You are viewing the RapidMiner Studio documentation for version 8.2 - Check here for latest version
Read Sparse (Advanced File Connectors)
SynopsisThis operator is used for reading files written in sparse formats.
This operator reads sparse format files. The lines of a sparse file have the form:
label index:value index:value index:value...
Where index may be an integer (starting with 1) for the regular attributes or one of the prefixes specified by the prefix map parameter. The following formats are supported:
- xy format: The label is the last token in each line.
- yx format: The label is the first token in each line.
- prefix format: The label is prefixed by 'l:'
- separate file format: The label is read from a separate file specified by the label file parameter.
- no label: The ExampleSet is unlabeled.
- output (Data Table)
This port delivers the required file in tabular form along with the meta data. This output is similar to the output of the Retrieve operator.

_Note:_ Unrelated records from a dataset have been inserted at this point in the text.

lemma ex_PiE_lag_offsets:
  assumes t: "t \<in> {1..T}" and us: "length us = K"
    and inside: "\<forall>j<K. int t + us ! j \<in> {1..int T}"
  shows "\<exists>g\<in>PiE {..<Suc K} (\<lambda>_. {1..T}). g K = t \<and> lag_offsets K g = us"
proof
  define g where "g i = (if i < K then nat (int t + us ! i) else if i = K then t else undefined)" for i
  show "g \<in> PiE {..<Suc K} (\<lambda>_. {1..T})"
  proof (rule PiE_I)
    show "g i \<in> {1..T}" if "i \<in> {..<Suc K}" for i
      using that t inside by (cases "i < K") (auto simp: g_def)
    show "g i = undefined" if "i \<notin> {..<Suc K}" for i
      using that by (simp add: g_def)
  qed
  have "lag_offsets K g = us"
    using us inside by (intro nth_equalityI) (auto simp: g_def lag_offsets_def)
  then show "g K = t \<and> lag_offsets K g = us"
    by (simp add: g_def)
qed

lemma sum_PiE_lag_offsets:
  fixes F :: "nat \<Rightarrow> int list \<Rightarrow> 'b::comm_monoid_add"
  assumes vanish: "\<And>t us. t \<in> {1..T} \<Longrightarrow> length us = K \<Longrightarrow>
      \<exists>j<K. int t + us ! j \<notin> {1..int T} \<Longrightarrow> F t us = 0"
  shows "(\<Sum>g\<in>PiE {..<Suc K} (\<lambda>_. {1..T}). F (g K) (lag_offsets K g))
       = (\<Sum>us\<in>{us. set us \<subseteq> {-int T..int T} \<and> length us = K}. \<Sum>t=1..T. F t us)"
proof -
  define PE where "PE = PiE {..<Suc K} (\<lambda>_. {1..T})"
  define L where "L = {us. set us \<subseteq> {-int T..int T} \<and> length us = K}"
  define \<phi> where "\<phi> g = (g K, lag_offsets K g)" for g :: "nat \<Rightarrow> nat"
  have "(\<Sum>g\<in>PE. F (g K) (lag_offsets K g)) = (\<Sum>p\<in>\<phi> ` PE. F (fst p) (snd p))"
    by (simp add: sum.reindex inj_on_lag_offsets PE_def \<phi>_def)
  also have "\<dots> = (\<Sum>p\<in>{1..T} \<times> L. F (fst p) (snd p))"
  proof (rule sum.mono_neutral_left)
    show "finite ({1..T} \<times> L)"
      unfolding L_def by (intro finite_cartesian_product finite_lists_length_eq) auto
    show "\<phi> ` PE \<subseteq> {1..T} \<times> L"
    proof
      fix p assume "p \<in> \<phi> ` PE"
      then obtain g where "g \<in> PE" "p = \<phi> g"
        by blast
      then show "p \<in> {1..T} \<times> L"
        using lag_offsets_range[of g K T] by (simp add: \<phi>_def PE_def L_def length_lag_offsets)
    qed
    show "\<forall>p\<in>{1..T} \<times> L - \<phi> ` PE. F (fst p) (snd p) = 0"
    proof
      fix p assume p: "p \<in> {1..T} \<times> L - \<phi> ` PE"
      obtain t us where p_eq: "p = (t, us)"
        by (cases p)
      with p have t: "t \<in> {1..T}" and us: "length us = K" and outside: "(t, us) \<notin> \<phi> ` PE"
        by (auto simp: L_def)
      have "\<exists>j<K. int t + us ! j \<notin> {1..int T}"
      proof (rule ccontr)
        assume "\<not> (\<exists>j<K. int t + us ! j \<notin> {1..int T})"
        then obtain g where g: "g \<in> PE" and "g K = t" "lag_offsets K g = us"
          using ex_PiE_lag_offsets[OF t us] unfolding PE_def by blast
        then have "(t, us) = \<phi> g"
          by (simp add: \<phi>_def)
        with g outside show False
          by blast
      qed
      then show "F (fst p) (snd p) = 0"
        using vanish[OF t us] p_eq by simp
    qed
  qed
  also have "\<dots> = (\<Sum>t=1..T. \<Sum>us\<in>L. F t us)"
    by (simp add: sum.cartesian_product case_prod_beta)
  also have "\<dots> = (\<Sum>us\<in>L. \<Sum>t=1..T. F t us)"
    by (rule sum.swap)
  finally show ?thesis by (simp add: PE_def L_def)
qed

lemma cum_lag_offsets:
  assumes cum_stat: "\<And>(us::int list) (t::int). us \<noteq> [] \<Longrightarrow>
      cum M (map (\<lambda>u \<omega>. complex_of_real (X (t + u) \<omega>)) us)
    = cum M (map (\<lambda>u \<omega>. complex_of_real (X u \<omega>)) us)"
  shows "cum M (map (\<lambda>i \<omega>. complex_of_real (X (int (g i)) \<omega>)) [0..<Suc K])
       = cumfun M X (lag_offsets K g)"
proof -
  have "cumfun M X (lag_offsets K g)
      = cum M (map (\<lambda>u \<omega>. complex_of_real (X (int (g K) + u) \<omega>)) (lag_offsets K g @ [0]))"
    unfolding cumfun_def using cum_stat[of "lag_offsets K g @ [0]" "int (g K)"] by simp
  also have "map (\<lambda>u \<omega>. complex_of_real (X (int (g K) + u) \<omega>)) (lag_offsets K g @ [0])
      = map (\<lambda>i \<omega>. complex_of_real (X (int (g i)) \<omega>)) [0..<Suc K]"
    by (simp add: lag_offsets_def)
  finally show ?thesis by simp
qed

lemma tapered_weights_lag_offsets:
  fixes h :: "int \<Rightarrow> real"
  assumes "length fs = Suc K"
  shows "(\<Prod>i<Suc K. complex_of_real (h (int (g i))) * fourier_exp (fs ! i * real (g i)))
    = fourier_exp (\<Sum>j<K. real_of_int (lag_offsets K g ! j) * fs ! j)
      * (complex_of_real (h (int (g K)) * (\<Prod>j<K. h (int (g K) + lag_offsets K g ! j)))
         * fourier_exp (sum_list fs * real (g K)))"
proof -
  have "sum_list fs = (\<Sum>j<K. fs ! j) + fs ! K"
    using assms by (simp add: sum_list_sum_nth atLeast0LessThan)
  then have phase: "(\<Sum>i<Suc K. fs ! i * real (g i))
      = (\<Sum>j<K. real_of_int (lag_offsets K g ! j) * fs ! j) + sum_list fs * real (g K)"
    by (simp add: lag_offsets_def algebra_simps sum_subtractf sum_distrib_left sum_distrib_right)
  have "(\<Prod>i<Suc K. h (int (g i))) = h (int (g K)) * (\<Prod>j<K. h (int (g K) + lag_offsets K g ! j))"
    by (simp add: lag_offsets_def)
  moreover have "(\<Prod>i<Suc K. complex_of_real (h (int (g i))) * fourier_exp (fs ! i * real (g i)))
      = complex_of_real (\<Prod>i<Suc K. h (int (g i))) * fourier_exp (\<Sum>i<Suc K. fs ! i * real (g i))"
    by (simp only: prod.distrib fourier_exp_sum of_real_prod)
  ultimately show ?thesis
    by (simp only: phase fourier_exp_add mult_ac)
qed

section \<open>The lag expansion of the tapered cumulant\<close>

definition lag_weight :: "'a measure \<Rightarrow> (int \<Rightarrow> 'a \<Rightarrow> real) \<Rightarrow> real list \<Rightarrow> int list \<Rightarrow> complex" where
  "lag_weight M X fs us =
     cumfun M X us * fourier_exp (\<Sum>j<length us. real_of_int (us ! j) * fs ! j)"

lemma norm_lag_weight [simp]: "norm (lag_weight M X fs us) = norm (cumfun M X us)"
  by (simp add: lag_weight_def norm_mult)

lemma integrable_prod_of_real:
  assumes moments: "\<And>ts. integrable M (\<lambda>\<omega>. \<Prod>t\<leftarrow>ts. X t \<omega>)" and "finite B"
  shows "integrable M (\<lambda>\<omega>. \<Prod>i\<in>B. complex_of_real (X (u i) \<omega>))"
proof -
  obtain xs where "set xs = B" "distinct xs"
    using finite_distinct_list[OF assms(2)] by blast
  then have eq: "(\<lambda>\<omega>. \<Prod>i\<in>B. complex_of_real (X (u i) \<omega>))
      = (\<lambda>\<omega>. complex_of_real (\<Prod>t\<leftarrow>map u xs. X t \<omega>))"
    by (auto simp: prod.distinct_set_conv_list comp_def simp flip: of_real_prod)
  show ?thesis
    unfolding eq by (rule integrable_of_real[OF moments])
qed

lemma tapered_ft_eq_sum:
  "tapered_ft lam X T f = (\<lambda>\<omega>. \<Sum>t\<in>{1..T}.
     (complex_of_real (taper lam T (int t)) * fourier_exp (f * real t)) * complex_of_real (X (int t) \<omega>))"
  by (simp add: tapered_ft_def fourier_exp_def fun_eq_iff mult_ac)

- formatThis parameter specifies the format of the sparse data file. Range: selection
- attribute_description_fileThe name of the attribute description file is specified here. An attribute description file (extension: .aml) is required to retrieve meta data of the ExampleSet. This file is a simple XML document defining the properties of the attributes (like their name and range) and their source files. The data may be spread over several files. This file also contains the names of the files to read the data from. Therefore, the actual data files do not have to be specified as a parameter of this operator. Range: filename
- data_fileThis parameter specifies the name of the data file. It is necessary if it is not specified in the attribute description file. Range: filename
- label_fileThis parameter specifies the name of the file containing the labels. It is necessary if the format parameter is set to 'format separate file' Range: filename
- dimensionThis parameter specifies the dimension of the example space. It is necessary if the attribute description file parameter is not set. Range: integer
- sample_sizeThis parameter specifies the maximum number of examples which should be read. If it is set to -1, then all examples are read. Range: integer
- use_quotesThis parameter indicates if quotes should be regarded. If this option is set to true, the quotes character parameter can be used for specifying the quotes character. Range: boolean
- quotes_character This parameter defines the quotes character. Range: char
- datamanagementThis parameter determines how the data is represented internally. This is an expert parameter. There are different options, users can choose any of them. Range: selection
- decimal_point_characterThis character is used as the decimal character. Range: string
- prefix_mapThis parameter maps prefixes to names of special attributes. Range: list
- encodingThis is an expert parameter. A long list of encoding is provided; users can select any one of them. Range: selection
Writing and Reading a sparse file
This Example Process shows the Write AML operator can be used for writing a sparse file and how the Read Sparse operator can be used for reading a sparse file. The 'Golf' data set is loaded using the Retrieve operator. This ExampleSet is provided as input to the Write AML operator. The example set file parameter is set to 'D:\golf_data' thus a file named 'golf_data' is created (if it does not already exist) in the 'D' drive of your computer. You can open the written file and make changes in it (if required). This file has the instances of the ExampleSet. The attribute description file parameter is set to 'D:\golf_att' thus a file named 'golf_att' is created (if it does not already exist) in the 'D' drive of your computer. You can open the written file and make changes in it (if required). This file has the meta data of the ExampleSet. The format parameter is set to 'sparse_xy' to write the file in xy sparse format. The Read Sparse operator is applied next to read the ExampleSet from the files. The attribute description file and data file parameters are set to 'D:\golf_att' and 'D:\golf_data' respectively. The format parameter is set to 'xy' because the file was written in xy format. All other parameters are used with default values. The resultant ExampleSet can be seen in the Results Workspace.